We found in mice lung tissues and RAW 264.7 macrophages upon S. aureus infection activates TLR2 and TLR6 driven mitogen-activated protein kinases (MAPKs) and nuclear factor kappa B (NF-κB) signalling pathways, resulting in production of inflammatory cytokines including tumour necrosis factor-α (TNF-α), interleukin 1β (IL-1β), interleukin 6 (IL-6). Furthermore, S. aureus-infection groups showed a significant up-regulation of MerTK which serves as mediator of SOCS1 and SOCS3. Subsequently, through feedback mechanism SOCS1/3 degrade Mal, resulting in inhibition of downstream TLR mediated inflammatory pathways. Moreover, MerTK^−/− mice lung tissues and silencing MerTK in RAW 264.7 inhibited the S. aureus-induced activation of MerTK, which significantly upregulated the phosphorylation of crucial protein in MAPKs (ERK, JNK, p38) and NF-κB (IĸBα, p65) signalling pathways, as well as the production of pro-inflammatory cytokines.

Conclusion

Collectively, these findings indicate the important role of MerTK in self-regulatory resolution of S. aureus-induced inflammatory pathways and cytokines through intrinsic SOCS1 and SOCS3 repressed feedback on TLR2, TLR6 both in vivo and in vitro.

中文翻译：

MerTK 通过 SOCS1/SOCS3 和 Mal 负调节金黄色葡萄球菌诱导的炎症反应。

客观的

金黄色葡萄球菌( S. aureus ) 是一种革兰氏阳性病原体，常与急性肺部炎症有关。

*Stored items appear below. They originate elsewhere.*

text \<open>
  Equations on the variables cost no rows: each is eliminated by composing with a retraction
  onto its zero set.
\<close>

lemma proj_set_eqs_elim:
  assumes "affine_rep d m g h" and "\<forall>e\<in>set E. affine_form d e" and "\<exists>y0. \<forall>e\<in>set E. e y0 = 0"
  shows "\<exists>g' h'. affine_rep d m g' h' \<and>
    (\<lambda>y. \<chi> k. h k y) ` {y. (\<forall>r<m. 0 \<le> g r y) \<and> (\<forall>e\<in>set E. e y = 0)} = proj_set m g' h'"
  using assms
proof (induction "length E" arbitrary: E g h)
  case 0
  then show ?case
    unfolding proj_set_def by auto
next
  case (Suc n)
  then obtain a E' where E: "E = a # E'" and n: "n = length E'"
    by (cases E) auto
  obtain y0 where "a y0 = 0" and "\<forall>e\<in>set E'. e y0 = 0"
    using Suc.prems(3) E by auto
  moreover have a: "affine_form d a"
    using Suc.prems(2) E by simp
  ultimately obtain \<sigma> where \<sigma>: "\<And>f. affine_form d f \<Longrightarrow> affine_form d (f \<circ> \<sigma>)"
    and "\<And>y. a (\<sigma> y) = 0" and \<sigma>_id: "\<And>y. a y = 0 \<Longrightarrow> \<sigma> y = y"
    by (metis affine_zero_set_retraction)
  have "\<exists>g' h'. affine_rep d m g' h' \<and>
      (\<lambda>y. \<chi> k. (h k \<circ> \<sigma>) y) ` {y. (\<forall>r<m. 0 \<le> (g r \<circ> \<sigma>) y) \<and> (\<forall>e\<in>set (map (\<lambda>e. e \<circ> \<sigma>) E'). e y = 0)}
        = proj_set m g' h'"
  proof (rule Suc.hyps)
    show "n = length (map (\<lambda>e. e \<circ> \<sigma>) E')"
      using n by simp
    show "affine_rep d m (\<lambda>r. g r \<circ> \<sigma>) (\<lambda>k. h k \<circ> \<sigma>)"
      using Suc.prems(1) \<sigma> by (simp add: affine_rep_def)
    show "\<forall>e\<in>set (map (\<lambda>e. e \<circ> \<sigma>) E'). affine_form d e"
      using Suc.prems(2) \<sigma> E by simp
    show "\<exists>y0. \<forall>e\<in>set (map (\<lambda>e. e \<circ> \<sigma>) E'). e y0 = 0"
      using \<open>\<forall>e\<in>set E'. e y0 = 0\<close> \<open>a y0 = 0\<close> \<sigma>_id by (intro exI[of _ y0]) simp
  qed
  moreover have "{y. (\<forall>r<m. 0 \<le> g r y) \<and> (\<forall>e\<in>set E. e y = 0)}
      = {y. a y = 0 \<and> (\<forall>r<m. 0 \<le> g r y) \<and> (\<forall>e\<in>set E'. e y = 0)}"
    using E by auto
  ultimately show ?case
    using image_Collect_retract[of a \<sigma> "\<lambda>y. \<chi> k. h k y"] \<open>\<And>y. a (\<sigma> y) = 0\<close> \<sigma>_id by simp
qed

lemma affine_ext_form_coord_eq:
  fixes P :: "(real ^ 'n) set"
  assumes "affine_ext_form P m" and "\<exists>x\<in>P. x $ i = b"
  shows "affine_ext_form {x\<in>P. x $ i = b} m"
proof -
  obtain d g h where rep: "affine_rep d m g h" and P: "P = proj_set m g h"
    using assms(1) unfolding affine_ext_form_def by blast
  let ?E = "[\<lambda>y. h i y - b]"
  have "{x\<in>P. x $ i = b} = (\<lambda>y. \<chi> k. h k y) ` {y. (\<forall>r<m. 0 \<le> g r y) \<and> (\<forall>e\<in>set ?E. e y = 0)}"
    unfolding P proj_set_def by auto
  moreover have "\<exists>g' h'. affine_rep d m g' h' \<and>
      (\<lambda>y. \<chi> k. h k y) ` {y. (\<forall>r<m. 0 \<le> g r y) \<and> (\<forall>e\<in>set ?E. e y = 0)} = proj_set m g' h'"
  proof (rule proj_set_eqs_elim[OF rep])
    show "\<forall>e\<in>set ?E. affine_form d e"
      using rep by (simp add: affine_rep_def affine_form_diff affine_form_const)
    show "\<exists>y0. \<forall>e\<in>set ?E. e y0 = 0"
      using assms(2) unfolding P proj_set_def by auto
  qed
  ultimately show ?thesis
    unfolding affine_ext_form_def by auto
qed

definition join :: "nat \<Rightarrow> (nat \<Rightarrow> real) \<Rightarrow> (nat \<Rightarrow> real) \<Rightarrow> nat \<Rightarrow> real" where
  "join d y z j = (if j < d then y j else z (j - d))"

lemma join_add [simp]: "join d y z (d + j) = z j"
  by (simp add: join_def)

lemma affine_form_join: "affine_form d f \<Longrightarrow> f (join d y z) = f y"
  by (erule affine_form_cong) (simp add: join_def)

lemma affine_form_shift_mono:
  "affine_form d2 f \<Longrightarrow> d1 + d2 \<le> D \<Longrightarrow> affine_form D (\<lambda>y. f (\<lambda>j. y (d1 + j)))"
  by (rule affine_form_mono[OF affine_form_shift])

lemma affine_ext_form_Int:
  fixes P1 P2 :: "(real ^ 'n::finite) set"
  assumes "affine_ext_form P1 m1" and "affine_ext_form P2 m2" and "P1 \<inter> P2 \<noteq> {}"
  shows "affine_ext_form (P1 \<inter> P2) (m1 + m2)"
proof -
  obtain d1 g1 h1 where rep1: "affine_rep d1 m1 g1 h1" and P1: "P1 = proj_set m1 g1 h1"
    using assms(1) unfolding affine_ext_form_def by blast
  obtain d2 g2 h2 where rep2: "affine_rep d2 m2 g2 h2" and P2: "P2 = proj_set m2 g2 h2"
    using assms(2) unfolding affine_ext_form_def by blast
  obtain ks :: "'n list" where ks: "set ks = UNIV"
    using finite_list[of "UNIV :: 'n set"] by auto
  define g where "g r y = (if r < m1 then g1 r y else g2 (r - m1) (\<lambda>j. y (d1 + j)))" for r y
  define E where "E = map (\<lambda>k y. h1 k y - h2 k (\<lambda>j. y (d1 + j))) ks"
  have lift1: "affine_form (d1 + d2) f" if "affine_form d1 f" for f
    using that by (rule affine_form_mono) simp
  have lift2: "affine_form (d1 + d2) (\<lambda>y. f (\<lambda>j. y (d1 + j)))" if "affine_form d2 f" for f
    using that by (rule affine_form_shift_mono) simp
  have rep: "affine_rep (d1 + d2) (m1 + m2) g h1"
    unfolding affine_rep_def
  proof (intro conjI allI impI)
    fix r assume "r < m1 + m2"
    then show "affine_form (d1 + d2) (g r)"
      using rep1 rep2 lift1[of "g1 r"] lift2[of "g2 (r - m1)"] unfolding g_def affine_rep_def
      by (cases "r < m1") auto
  next
    show "affine_form (d1 + d2) (h1 k)" for k
      using rep1 lift1 by (simp add: affine_rep_def)
  qed
  have E_affine: "\<forall>e\<in>set E. affine_form (d1 + d2) e"
    using rep1 rep2 lift1 lift2 unfolding affine_rep_def E_def by (auto intro: affine_form_diff)
  have feasible_iff: "(\<forall>r<m1 + m2. 0 \<le> g r y)
      \<longleftrightarrow> (\<forall>r<m1. 0 \<le> g1 r y) \<and> (\<forall>r<m2. 0 \<le> g2 r (\<lambda>j. y (d1 + j)))" for y
    by (simp add: all_less_add_iff g_def)
  have eqs_iff: "(\<forall>e\<in>set E. e y = 0) \<longleftrightarrow> (\<forall>k. h1 k y = h2 k (\<lambda>j. y (d1 + j)))" for y
    using ks by (auto simp: E_def)
  have "P1 \<inter> P2 = (\<lambda>y. \<chi> k. h1 k y) ` {y. (\<forall>r<m1 + m2. 0 \<le> g r y) \<and> (\<forall>e\<in>set E. e y = 0)}"
  proof (intro equalityI subsetI)
    fix x assume "x \<in> P1 \<inter> P2"
    then obtain y1 y2 where y1: "\<forall>r<m1. 0 \<le> g1 r y1" "x = (\<chi> k. h1 k y1)"
      and y2: "\<forall>r<m2. 0 \<le> g2 r y2" "x = (\<chi> k. h2 k y2)"
      unfolding P1 P2 proj_set_def by auto
    have "g1 r (join d1 y1 y2) = g1 r y1" if "r < m1" for r
      using rep1 that by (simp add: affine_rep_def affine_form_join)
    moreover have "h1 k (join d1 y1 y2) = h1 k y1" for k
      using rep1 by (simp add: affine_rep_def affine_form_join)
    ultimately show "x \<in> (\<lambda>y. \<chi> k. h1 k y) ` {y. (\<forall>r<m1 + m2. 0 \<le> g r y) \<and> (\<forall>e\<in>set E. e y = 0)}"
      using y1 y2 by (intro image_eqI[where x = "join d1 y1 y2"]) (auto simp: feasible_iff eqs_iff vec_eq_iff)
  next
    fix x assume "x \<in> (\<lambda>y. \<chi> k. h1 k y) ` {y. (\<forall>r<m1 + m2. 0 \<le> g r y) \<and> (\<forall>e\<in>set E. e y = 0)}"
    then obtain y where feasible1: "\<forall>r<m1. 0 \<le> g1 r y"
      and feasible2: "\<forall>r<m2. 0 \<le> g2 r (\<lambda>j. y (d1 + j))"
      and "\<forall>k. h1 k y = h2 k (\<lambda>j. y (d1 + j))" and x: "x = (\<chi> k. h1 k y)"
      by (auto simp: feasible_iff eqs_iff)
    then have "x = (\<chi> k. h2 k (\<lambda>j. y (d1 + j)))"
      by simp
    then show "x \<in> P1 \<inter> P2"
      using feasible1 feasible2 x unfolding P1 P2 proj_set_def by blast
  qed
  moreover have "\<exists>g' h'. affine_rep (d1 + d2) (m1 + m2) g' h' \<and>
      (\<lambda>y. \<chi> k. h1 k y) ` {y. (\<forall>r<m1 + m2. 0 \<le> g r y) \<and> (\<forall>e\<in>set E. e y = 0)} = proj_set (m1 + m2) g' h'"
  proof (rule proj_set_eqs_elim[OF rep E_affine])
    show "\<exists>y0. \<forall>e\<in>set E. e y0 = 0"
      using assms(3) calculation by auto
  qed
  ultimately show ?thesis
    unfolding affine_ext_form_def by auto
qed

lemma convex_proj_set:
  fixes h :: "'n::finite \<Rightarrow> (nat \<Rightarrow> real) \<Rightarrow> real"
  assumes "affine_rep d m g h"
  shows "convex (proj_set m g h)"
proof (rule convexI)
  fix x x' :: "real ^ 'n" and u v :: real
  assume "x \<in> proj_set m g h" "x' \<in> proj_set m g h" and "0 \<le> u" "0 \<le> v" "u + v = 1"
  then obtain y y' where y: "\<forall>r<m. 0 \<le> g r y" "x = (\<chi> k. h k y)"
    and y': "\<forall>r<m. 0 \<le> g r y'" "x' = (\<chi> k. h k y')"
    unfolding proj_set_def by auto
  define z where "z = (\<lambda>j. u * y j + v * y' j)"
  have eval: "f z = u * f y + v * f y'" if "affine_form d f" for f
    using affine_form_eval_lincomb[OF that, of u y v y'] \<open>u + v = 1\<close> by (simp add: z_def)
  have "\<forall>r<m. 0 \<le> g r z"
    using assms y(1) y'(1) \<open>0 \<le> u\<close> \<open>0 \<le> v\<close> by (simp add: affine_rep_def eval)
  moreover have "u *\<^sub>R x + v *\<^sub>R x' = (\<chi> k. h k z)"
    using assms y(2) y'(2) by (simp add: affine_rep_def eval vec_eq_iff)
  ultimately show "u *\<^sub>R x + v *\<^sub>R x' \<in> proj_set m g h"
    unfolding proj_set_def by blast
qed

lemma bounded_ray_imp_zero:
  fixes a b B :: real
  assumes "\<And>s. 0 \<le> s \<Longrightarrow> \<bar>a + s * b\<bar> \<le> B"
  shows "b = 0"
proof (rule ccontr)
  assume "b \<noteq> 0"
  define s where "s = (B + \<bar>a\<bar> + 1) / \<bar>b\<bar>"
  have "0 \<le> B"
    using assms[of 0] by simp
  then have "0 \<le> s"
    by (simp add: s_def)
  have "\<bar>s * b\<bar> = B + \<bar>a\<bar> + 1"
    using \<open>b \<noteq> 0\<close> \<open>0 \<le> B\<close> by (simp add: s_def abs_mult)
  then have "B + 1 \<le> \<bar>a + s * b\<bar>"
    by linarith
  with assms[OF \<open>0 \<le> s\<close>] show False
    by linarith
qed

lemma proj_set_recession:
  fixes h :: "'n::finite \<Rightarrow> (nat \<Rightarrow> real) \<Rightarrow> real"
  assumes rep: "affine_rep d m g h" and "proj_set m g h \<noteq> {}" and "bounded (proj_set m g h)"
    and v: "\<forall>r<m. 0 \<le> homog (g r) v 0"
  shows "homog (h k) v 0 = 0"
proof -
  obtain y0 where y0: "\<forall>r<m. 0 \<le> g r y0"
    using assms(2) unfolding proj_set_def by auto
  obtain B where B: "\<forall>x\<in>proj_set m g h. norm x \<le> B"
    using assms(3) unfolding bounded_iff by blast
  have "\<bar>h k y0 + s * homog (h k) v 0\<bar> \<le> B" if "0 \<le> s" for s
  proof -
    let ?y = "\<lambda>j. y0 j + s * v j"
    have translate: "f ?y = f y0 + s * homog f v 0" if "affine_form d f" for f
      using affine_form_eval_translate[OF that] by (simp add: homog_def)
    have "\<forall>r<m. 0 \<le> g r ?y"
      using rep y0 v \<open>0 \<le> s\<close> by (simp add: affine_rep_def translate)
    then have "(\<chi> k. h k ?y) \<in> proj_set m g h"
      unfolding proj_set_def by blast
    then have "\<bar>h k ?y\<bar> \<le> B"
      using B component_le_norm_cart[of "\<chi> k. h k ?y" k] by force
    then show ?thesis
      using rep by (simp add: affine_rep_def translate)
  qed
  then show ?thesis
    by (rule bounded_ray_imp_zero)
qed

金黄色葡萄球菌急性肺部炎症的核心特征是肺功能障碍和宿主防御反应受阻，导致炎性细胞因子稳态失灵并导致严重的组织损伤。然而，Mer 受体酪氨酸激酶 (MerTK) 在金黄色葡萄球菌感染后肺中的作用仍然难以捉摸。在这里，我们研究了 MerTK 是否通过抑制细胞因子信号传导 1、3 (SOCS1/SOCS3)负调节 Toll 样受体 2 和 6 (TLR2/TLR6)来缓解金黄色葡萄球菌诱导的不受控制的炎症。

方法和结果

我们在金黄色葡萄球菌感染后的小鼠肺组织和 RAW 264.7 巨噬细胞中发现激活 TLR2 和 TLR6 驱动的丝裂原活化蛋白激酶 (MAPK) 和核因子κB (NF-κB) 信号通路，导致产生炎性细胞因子，包括肿瘤坏死因子-α (TNF-α)、白介素 1β (IL-1β)、白介素 6 (IL-6)。此外，金黄色葡萄球菌感染组显示出作为 SOCS1 和 SOCS3 介质的 MerTK 的显着上调。随后，SOCS1/3 通过反馈机制降解 Mal，从而抑制下游 TLR 介导的炎症通路。此外，MerTK ^-/-小鼠肺组织和沉默 RAW 264.7 中的MerTK抑制了金黄色葡萄球菌-诱导 MerTK 的激活，显着上调 MAPK（ERK、JNK、p38）和 NF-κB（IĸBα、p65）信号通路中关键蛋白的磷酸化，以及促炎细胞因子的产生。